Newswise — In a paper published on Feb 12 in the journal eLife, Dr. Toshimitsu Kawate, associate professor in the Department of Molecular Medicine and his team reveal the form of pannexin1, a cellular membrane protein present in all vertebrates. With the size, shape and formation of this protein revealed for the first time, scientists can get closer to fine tuning new therapies for a multitude of diseases, including chronic pain, infertility and cancer.

Pannexin 1 is a channel protein — a gatekeeper that sits in the cell membrane, selectively allowing molecules to pass in and out of the cell. Its primary cargo that it allows through is ATP.  While ATP is often thought of as the energy currency of the cell, it is a major messenger molecule throughout the body. Knowing how that ATP message is delivered is important — it is integral to several conditions that are cause by too much, or not enough ATP signaling. Thus, Kawate was keen to learn the shape of Pannexin 1.

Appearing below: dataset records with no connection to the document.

(* Let $\alpha_a$ be a labeled dGL hybrid game, $S$ an inductive Angelic subvalue map for $\alpha_a$, and $\varphi$ a formula compatible with $S$ (i.e. $\models S(\mathsf{end})\rightarrow\varphi$). Then every state satisfying $S(a)$ satisfies $\langle\mathcal{P}(\alpha_a,S)\rangle\varphi$.
   Context: Differential game logic (dGL). Hybrid games are generated by $\alpha,\beta ::= x:=e \mid \alpha;\beta \mid ?Q \mid \{x'=f(x)\,\&\,Q\} \mid \alpha^{*} \mid \alpha\cup\beta \mid x:=* \mid\ !Q \mid \{x'=f(x)\,\&\,Q\}^{d} \mid \alpha^{\times} \mid \alpha\cap\beta \mid x:=\otimes$, with $x$ a real variable (vector for ODEs), $e,f(x)$ polynomial terms, $Q$ a formula. Players Angel and Demon: $x:=e$ deterministic assignment; in $x:=*$ Angel (in $x:=\otimes$ Demon) assigns any real; in $\{x'=f(x)\&Q\}$ Angel (in $\{\cdot\}^d$ Demon) chooses a duration $r\ge 0$ of following the ODE with $Q$ true throughout; $?Q$ makes Angel lose and $!Q$ makes Demon lose if $Q$ is false; in $\alpha\cup\beta$ Angel (in $\alpha\cap\beta$ Demon) chooses the branch; in $\alpha^*$ Angel (in $\alpha^\times$ Demon) decides before each iteration whether to repeat or stop; $\alpha;\beta$ sequential. Formulas: polynomial (in)equalities closed under connectives, real quantifiers, and modalities $\langle\alpha\rangle\varphi$ (Angel can win $\alpha$ reaching $\varphi$) and $[\alpha]\varphi\equiv\neg\langle\alpha\rangle\neg\varphi$, with the standard dGL winning-region semantics ($\langle x:=*\rangle\varphi\leftrightarrow\exists x\varphi$, $\langle x:=\otimes\rangle\varphi\leftrightarrow\forall x\varphi$, $\langle ?Q\rangle\varphi\leftrightarrow Q\wedge\varphi$, $\langle !Q\rangle\varphi\leftrightarrow(Q\rightarrow\varphi)$, $\cup$ as disjunction, $\cap$ as conjunction, $\langle\alpha;\beta\rangle\varphi\leftrightarrow\langle\alpha\rangle\langle\beta\rangle\varphi$, Angel ODE existential, Demon ODE universal, $\langle\alpha^*\rangle$ least and $\langle\alpha^\times\rangle$ greatest fixed point). $\models$ denotes validity. Labels: every node of the syntax tree carries a unique label; $\alpha_a$ has root label $a$; $\mathrm{nodes}(\alpha_a)$ is its set of subgame labels; $\mathsf{end}$ is a special extra label. A map $S$ assigns formulas to a label set containing $\mathrm{nodes}(\alpha_a)\cup\{\mathsf{end}\}$; $S\{\mathsf{end}\mapsto Q\}$ replaces the value at $\mathsf{end}$. $\gamma_g,\delta_d$ denote immediate subgames with root labels $g,d$. Existential projection $\mathcal{P}(\alpha_a,S)$: $(x:=* )_a\mapsto(x:=* )_a;?S(\mathsf{end})$; $\{x'=f(x)\&Q\}_a\mapsto\{x'=f(x)\&Q\}_a;?S(\mathsf{end})$; $(\gamma_g\cup\delta_d)_a\mapsto(?S(g);\mathcal{P}(\gamma_g,S))\cup(?S(d);\mathcal{P}(\delta_d,S))$; $((\gamma_g)^* )_a\mapsto(?S(g);\mathcal{P}(\gamma_g,S\{\mathsf{end}\mapsto S(a)\}))^*;?S(\mathsf{end})$; $(\gamma_g;\delta_d)_a\mapsto\mathcal{P}(\gamma_g,S\{\mathsf{end}\mapsto S(d)\});\mathcal{P}(\delta_d,S)$; $(\gamma_g\cap\delta_d)_a\mapsto\mathcal{P}(\gamma_g,S)\cap\mathcal{P}(\delta_d,S)$; $((\gamma_g)^\times)_a\mapsto\mathcal{P}(\gamma_g,S\{\mathsf{end}\mapsto S(a)\})^\times$; $x:=e,x:=\otimes,?Q,!Q,\{x'=f(x)\&Q\}^d$ unchanged (labels preserved, new nodes fresh labels). Inductive Angelic subvalue map ($S\Vdash\alpha_a$), recursively: atomic $\alpha$ ($x:=e,x:=*,x:=\otimes,?Q,!Q$, Angel or Demon ODE): $\models S(a)\rightarrow\langle\alpha\rangle S(\mathsf{end})$; $(\gamma_g\cup\delta_d)_a$: $\models S(a)\rightarrow S(g)\vee S(d)$, $S\Vdash\gamma_g$, $S\Vdash\delta_d$; $(\gamma_g\cap\delta_d)_a$: $\models S(a)\rightarrow S(g)\wedge S(d)$ and both; $(\gamma_g;\delta_d)_a$: $\models S(a)\rightarrow S(g)$, $S\{\mathsf{end}\mapsto S(d)\}\Vdash\gamma_g$, $S\Vdash\delta_d$; $((\gamma_g)^* )_a$: $\models S(a)\rightarrow\langle\mathcal{P}(\alpha_a,S)\rangle S(\mathsf{end})$ and $S\{\mathsf{end}\mapsto S(a)\}\Vdash\gamma_g$; $((\gamma_g)^\times)_a$: $\models S(a)\rightarrow S(g)\wedge S(\mathsf{end})$ and $S\{\mathsf{end}\mapsto S(a)\}\Vdash\gamma_g$. *)

theory Defs
  imports Complex_Main
begin

type_synonym var = nat
type_synonym state = "var \<Rightarrow> real"

text \<open>Game nodes of the input game carry labels \<open>L n\<close>; \<open>End\<close> is the special
  extra label \<open>end\<close>; nodes newly created by the projection carry the label \<open>Fresh\<close>
  (their labels are never consulted).\<close>
datatype label = L nat | End | Fresh

datatype trm = Var var | Const real | Neg trm | Plus trm trm | Times trm trm

type_synonym ode = "(var \<times> trm) list"

datatype fml =
    FTrue | FFalse
  | Eq trm trm | Geq trm trm | Gt trm trm
  | Not fml | And fml fml | Or fml fml | Imp fml fml
  | Exists var fml | Forall var fml
  | Dia game fml | Box game fml
and game =
    Assign label var trm
  | Rand label var
  | DRand label var
  | Test label fml
  | DTest label fml
  | ODE label ode fml
  | DODE label ode fml
  | Choice label game game
  | DChoice label game game
  | Seq label game game
  | Star label game
  | DStar label game

primrec lab :: "game \<Rightarrow> label" where
  "lab (Assign l x e) = l"
| "lab (Rand l x) = l"
| "lab (DRand l x) = l"
| "lab (Test l Q) = l"
| "lab (DTest l Q) = l"
| "lab (ODE l f Q) = l"
| "lab (DODE l f Q) = l"
| "lab (Choice l a b) = l"
| "lab (DChoice l a b) = l"
| "lab (Seq l a b) = l"
| "lab (Star l a) = l"
| "lab (DStar l a) = l"

primrec nodes :: "game \<Rightarrow> label list" where
  "nodes (Assign l x e) = [l]"
| "nodes (Rand l x) = [l]"
| "nodes (DRand l x) = [l]"
| "nodes (Test l Q) = [l]"
| "nodes (DTest l Q) = [l]"
| "nodes (ODE l f Q) = [l]"
| "nodes (DODE l f Q) = [l]"
| "nodes (Choice l a b) = l # nodes a @ nodes b"
| "nodes (DChoice l a b) = l # nodes a @ nodes b"
| "nodes (Seq l a b) = l # nodes a @ nodes b"
| "nodes (Star l a) = l # nodes a"
| "nodes (DStar l a) = l # nodes a"

definition well_labelled :: "game \<Rightarrow> bool" where
  "well_labelled \<alpha> \<longleftrightarrow> distinct (nodes \<alpha>) \<and> (\<forall>l\<in>set (nodes \<alpha>). \<exists>n. l = L n)"

primrec tsem :: "trm \<Rightarrow> state \<Rightarrow> real" where
  "tsem (Var x) \<omega> = \<omega> x"
| "tsem (Const c) \<omega> = c"
| "tsem (Neg e) \<omega> = - tsem e \<omega>"
| "tsem (Plus e1 e2) \<omega> = tsem e1 \<omega> + tsem e2 \<omega>"
| "tsem (Times e1 e2) \<omega> = tsem e1 \<omega> * tsem e2 \<omega>"

definition ode_sol :: "ode \<Rightarrow> state set \<Rightarrow> state \<Rightarrow> real \<Rightarrow> (real \<Rightarrow> state) \<Rightarrow> bool" where
  "ode_sol f Q \<omega> r sol \<longleftrightarrow> 0 \<le> r \<and> sol 0 = \<omega> \<and>
     (\<forall>t\<in>{0..r}.
        sol t \<in> Q
      \<and> (\<forall>y. y \<notin> fst ` set f \<longrightarrow> sol t y = \<omega> y)
      \<and> (\<forall>(x, e)\<in>set f. ((\<lambda>s. sol s x) has_real_derivative tsem e (sol t)) (at t within {0..r})))"

primrec fml_sem :: "fml \<Rightarrow> state set"
  and game_sem :: "game \<Rightarrow> state set \<Rightarrow> state set" where
  "fml_sem FTrue = UNIV"
| "fml_sem FFalse = {}"
| "fml_sem (Eq e1 e2) = {\<omega>. tsem e1 \<omega> = tsem e2 \<omega>}"
| "fml_sem (Geq e1 e2) = {\<omega>. tsem e1 \<omega> \<ge> tsem e2 \<omega>}"
| "fml_sem (Gt e1 e2) = {\<omega>. tsem e1 \<omega> > tsem e2 \<omega>}"
| "fml_sem (Not p) = - fml_sem p"
| "fml_sem (And p q) = fml_sem p \<inter> fml_sem q"
| "fml_sem (Or p q) = fml_sem p \<union> fml_sem q"
| "fml_sem (Imp p q) = - fml_sem p \<union> fml_sem q"
| "fml_sem (Exists x p) = {\<omega>. \<exists>v. \<omega>(x := v) \<in> fml_sem p}"
| "fml_sem (Forall x p) = {\<omega>. \<forall>v. \<omega>(x := v) \<in> fml_sem p}"
| "fml_sem (Dia a p) = game_sem a (fml_sem p)"
| "fml_sem (Box a p) = - game_sem a (- fml_sem p)"
| "game_sem (Assign l x e) X = {\<omega>. \<omega>(x := tsem e \<omega>) \<in> X}"
| "game_sem (Rand l x) X = {\<omega>. \<exists>v. \<omega>(x := v) \<in> X}"
| "game_sem (DRand l x) X = {\<omega>. \<forall>v. \<omega>(x := v) \<in> X}"
| "game_sem (Test l Q) X = fml_sem Q \<inter> X"
| "game_sem (DTest l Q) X = - fml_sem Q \<union> X"
| "game_sem (ODE l f Q) X =
     {\<omega>. \<exists>r sol. ode_sol f (fml_sem Q) \<omega> r sol \<and> sol r \<in> X}"
| "game_sem (DODE l f Q) X =
     {\<omega>. \<forall>r sol. ode_sol f (fml_sem Q) \<omega> r sol \<longrightarrow> sol r \<in> X}"
| "game_sem (Choice l a b) X = game_sem a X \<union> game_sem b X"
| "game_sem (DChoice l a b) X = game_sem a X \<inter> game_sem b X"
| "game_sem (Seq l a b) X = game_sem a (game_sem b X)"
| "game_sem (Star l a) X = lfp (\<lambda>Z. X \<union> game_sem a Z)"
| "game_sem (DStar l a) X = gfp (\<lambda>Z. X \<inter> game_sem a Z)"

definition valid :: "fml \<Rightarrow> bool" where
  "valid p \<longleftrightarrow> (\<forall>\<omega>. \<omega> \<in> fml_sem p)"

type_synonym smap = "label \<Rightarrow> fml"

primrec proj :: "game \<Rightarrow> smap \<Rightarrow> game" where
  "proj (Assign l x e) S = Assign l x e"
| "proj (Rand l x) S = Seq Fresh (Rand l x) (Test Fresh (S End))"
| "proj (DRand l x) S = DRand l x"
| "proj (Test l Q) S = Test l Q"
| "proj (DTest l Q) S = DTest l Q"
| "proj (ODE l f Q) S = Seq Fresh (ODE l f Q) (Test Fresh (S End))"
| "proj (DODE l f Q) S = DODE l f Q"
| "proj (Choice l g d) S =
     Choice l (Seq Fresh (Test Fresh (S (lab g))) (proj g S))
              (Seq Fresh (Test Fresh (S (lab d))) (proj d S))"
| "proj (DChoice l g d) S = DChoice l (proj g S) (proj d S)"
| "proj (Seq l g d) S = Seq l (proj g (S(End := S (lab d)))) (proj d S)"
| "proj (Star l g) S =
     Seq Fresh (Star l (Seq Fresh (Test Fresh (S (lab g))) (proj g (S(End := S l)))))
               (Test Fresh (S End))"
| "proj (DStar l g) S = DStar l (proj g (S(End := S l)))"

primrec subval :: "smap \<Rightarrow> game \<Rightarrow> bool" where
  "subval S (Assign l x e) = valid (Imp (S l) (Dia (Assign l x e) (S End)))"
| "subval S (Rand l x) = valid (Imp (S l) (Dia (Rand l x) (S End)))"
| "subval S (DRand l x) = valid (Imp (S l) (Dia (DRand l x) (S End)))"
| "subval S (Test l Q) = valid (Imp (S l) (Dia (Test l Q) (S End)))"
| "subval S (DTest l Q) = valid (Imp (S l) (Dia (DTest l Q) (S End)))"
| "subval S (ODE l f Q) = valid (Imp (S l) (Dia (ODE l f Q) (S End)))"
| "subval S (DODE l f Q) = valid (Imp (S l) (Dia (DODE l f Q) (S End)))"
| "subval S (Choice l g d) =
     (valid (Imp (S l) (Or (S (lab g)) (S (lab d)))) \<and> subval S g \<and> subval S d)"
| "subval S (DChoice l g d) =
     (valid (Imp (S l) (And (S (lab g)) (S (lab d)))) \<and> subval S g \<and> subval S d)"
| "subval S (Seq l g d) =
     (valid (Imp (S l) (S (lab g))) \<and> subval (S(End := S (lab d))) g \<and> subval S d)"
| "subval S (Star l g) =
     (valid (Imp (S l) (Dia (proj (Star l g) S) (S End))) \<and> subval (S(End := S l)) g)"
| "subval S (DStar l g) =
     (valid (Imp (S l) (And (S (lab g)) (S End))) \<and> subval (S(End := S l)) g)"

end

(* In the projected game every choice of Angel is guarded by a test of S at the chosen
   node and each of her atomic moves is followed by a test of S(end), so S at a node entails that
   Angel wins the projected subgame towards any postcondition implied by S(end).  An Angel loop
   needs no induction hypothesis, since this winning property is part of the definition of a
   subvalue map; for a Demon loop, S(a) entails S(g) and S(end), so the region of S(a) is a
   post-fixed point and lies below the greatest fixed point. *)
theory Submission
  imports Defs
begin

lemmas game_induct = game.induct[where ?P1.0 = "\<lambda>_. True", simplified,
  case_names Assign Rand DRand Test DTest ODE DODE Choice DChoice Seq Star DStar]

lemma game_sem_mono: "X \<subseteq> Y \<Longrightarrow> game_sem \<alpha> X \<subseteq> game_sem \<alpha> Y"
proof (induction \<alpha> arbitrary: X Y rule: game_induct)
  case (Star l \<gamma>)
  then show ?case by (simp, intro lfp_mono, blast)
next
  case (DStar l \<gamma>)
  then show ?case by (simp, intro gfp_mono, blast)
qed (simp; blast)+

lemma valid_Imp_iff: "valid (Imp p q) \<longleftrightarrow> fml_sem p \<subseteq> fml_sem q"
  by (auto simp: valid_def)

lemma lab_neq_End: "End \<notin> set (nodes \<alpha>) \<Longrightarrow> lab \<alpha> \<noteq> End"
  by (cases \<alpha>) auto

lemma well_labelled_End_notin_nodes: "well_labelled \<alpha> \<Longrightarrow> End \<notin> set (nodes \<alpha>)"
  by (auto simp: well_labelled_def)

lemma proj_sound:
  assumes "End \<notin> set (nodes \<alpha>)" and "subval S \<alpha>" and "fml_sem (S End) \<subseteq> X"
  shows "fml_sem (S (lab \<alpha>)) \<subseteq> game_sem (proj \<alpha> S) X"
  using assms
proof (induction \<alpha> arbitrary: S X rule: game_induct)
  case (Rand l x)
  then have "fml_sem (S End) \<inter> X = fml_sem (S End)" by blast
  with Rand show ?case by (simp add: valid_Imp_iff)
next
  case (ODE l f Q)
  then have "fml_sem (S End) \<inter> X = fml_sem (S End)" by blast
  with ODE show ?case by (simp add: valid_Imp_iff)
next
  case (Choice l \<gamma> \<delta>)
  have "fml_sem (S (lab \<gamma>)) \<subseteq> game_sem (proj \<gamma> S) X"
    and "fml_sem (S (lab \<delta>)) \<subseteq> game_sem (proj \<delta> S) X"
    using Choice by simp_all
  with Choice.prems(2) show ?case by (auto simp: valid_Imp_iff)
next
  case (DChoice l \<gamma> \<delta>)
  have "fml_sem (S (lab \<gamma>)) \<subseteq> game_sem (proj \<gamma> S) X"
    and "fml_sem (S (lab \<delta>)) \<subseteq> game_sem (proj \<delta> S) X"
    using DChoice by simp_all
  with DChoice.prems(2) show ?case by (auto simp: valid_Imp_iff)
next
  case (Seq l \<gamma> \<delta>)
  have sub_\<gamma>: "subval (S(End := S (lab \<delta>))) \<gamma>"
    using Seq.prems(2) by simp
  have win_\<delta>: "fml_sem (S (lab \<delta>)) \<subseteq> game_sem (proj \<delta> S) X"
    using Seq by simp
  have "fml_sem ((S(End := S (lab \<delta>))) (lab \<gamma>))
      \<subseteq> game_sem (proj \<gamma> (S(End := S (lab \<delta>)))) (game_sem (proj \<delta> S) X)"
    by (rule Seq.IH(1)[OF _ sub_\<gamma>]) (use Seq.prems(1) win_\<delta> in simp_all)
  moreover have "lab \<gamma> \<noteq> End"
    using Seq.prems(1) by (simp add: lab_neq_End)
  ultimately show ?case
    using Seq.prems(2) by (auto simp: valid_Imp_iff)
next
  case (Star l \<gamma>)
  have "fml_sem (S l) \<subseteq> game_sem (proj (Star l \<gamma>) S) (fml_sem (S End))"
    using Star.prems(2) by (simp only: subval.simps valid_Imp_iff fml_sem.simps)
  also have "\<dots> \<subseteq> game_sem (proj (Star l \<gamma>) S) X"
    using Star.prems(3) by (rule game_sem_mono)
  finally show ?case by (simp only: lab.simps)
next
  case (DStar l \<gamma>)
  have sub_\<gamma>: "subval (S(End := S l)) \<gamma>"
    using DStar.prems(2) by simp
  have "fml_sem ((S(End := S l)) (lab \<gamma>))
      \<subseteq> game_sem (proj \<gamma> (S(End := S l))) (fml_sem (S l))"
    by (rule DStar.IH[OF _ sub_\<gamma>]) (use DStar.prems(1) in simp_all)
  moreover have "lab \<gamma> \<noteq> End"
    using DStar.prems(1) by (simp add: lab_neq_End)
  ultimately have "fml_sem (S l) \<subseteq> X \<inter> game_sem (proj \<gamma> (S(End := S l))) (fml_sem (S l))"
    using DStar.prems(2,3) by (auto simp: valid_Imp_iff)
  then have "fml_sem (S l) \<subseteq> gfp (\<lambda>Z. X \<inter> game_sem (proj \<gamma> (S(End := S l))) Z)"
    by (rule gfp_upperbound)
  then show ?case by simp
qed (auto simp: valid_Imp_iff)

theorem mainTheorem9:
  fixes \<alpha> :: game and S :: smap and \<phi> :: fml and \<omega> :: state
  assumes "well_labelled \<alpha>"
    and "subval S \<alpha>"
    and "valid (Imp (S End) \<phi>)"
    and "\<omega> \<in> fml_sem (S (lab \<alpha>))"
  shows "\<omega> \<in> fml_sem (Dia (proj \<alpha> S) \<phi>)"
proof -
  have "fml_sem (S (lab \<alpha>)) \<subseteq> game_sem (proj \<alpha> S) (fml_sem \<phi>)"
    using well_labelled_End_notin_nodes[OF assms(1)] assms(2,3)
    by (simp add: proj_sound valid_Imp_iff)
  with assms(4) show ?thesis by auto
qed

end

His lab used cryogenic electron microscopy (cryo-EM) to capture the protein — a technique that uses electrons, rather than light, to capture an image of almost atomically-sized things. Up until now, cryo-EM wasn’t refined enough to image something as small as a channel protein. But, thanks to the rapid development of the technology in recent years, Kawate was able to finally get his snapshot.

“This is the first time we’ve actually seen the structure,” says Kawate. “We thought its overall shape would be similar to other channel proteins, but it wasn’t.” Most channel proteins are shaped roughly like a cylinder made up of subunits. Other channel proteins have a nice even number of subunits — six or eight. Pannexin 1, however, was a black sheep. “This is the first heptamer — a seven-piece channel discovered in eukaryotes,” says Kawate. “That’s one of the biggest surprises we had.”

Kawate believes this odd structure may be due to a type of ‘Goldilocks’ effect.  Channels with six subunits are too small to let ATP through, whereas channels with eight subunits are too big to be selective for ATP. But seven may be just right.

The heptamer structure wasn’t the only surprise for Kawate. As he dug into the molecular building blocks of the channel, he found something odd at the narrowest point of its cylindrical structure. At this point — the bottleneck of the channel, he had expected to find molecules that attract and aid the passage of ATP, Pannexin 1’s main cargo.  Instead he found tryptophan—a large amino acid that, according to Kawate, does not help draw ATP through the bottleneck at all. In fact, tryptophan may actually hamper the passage of ATP.  “That was actually shocking,” he says.

As puzzling as it is, Kawate notes it’s only part of the picture. The cryo-EM image only captures part of the full channel protein. The remaining portion — which is flexible and hard to image, could answer some of the remaining questions around how Pannexin 1 manages to ferry ATP through its channel.

With this latest discovery only revealing more mysteries, Kawate isn’t waiting to continue his investigation of Pannexin 1, which involves capture a full, untruncated image of the channel. With a full understanding of this channel protein, new insights and possibly even therapeutics, may follow.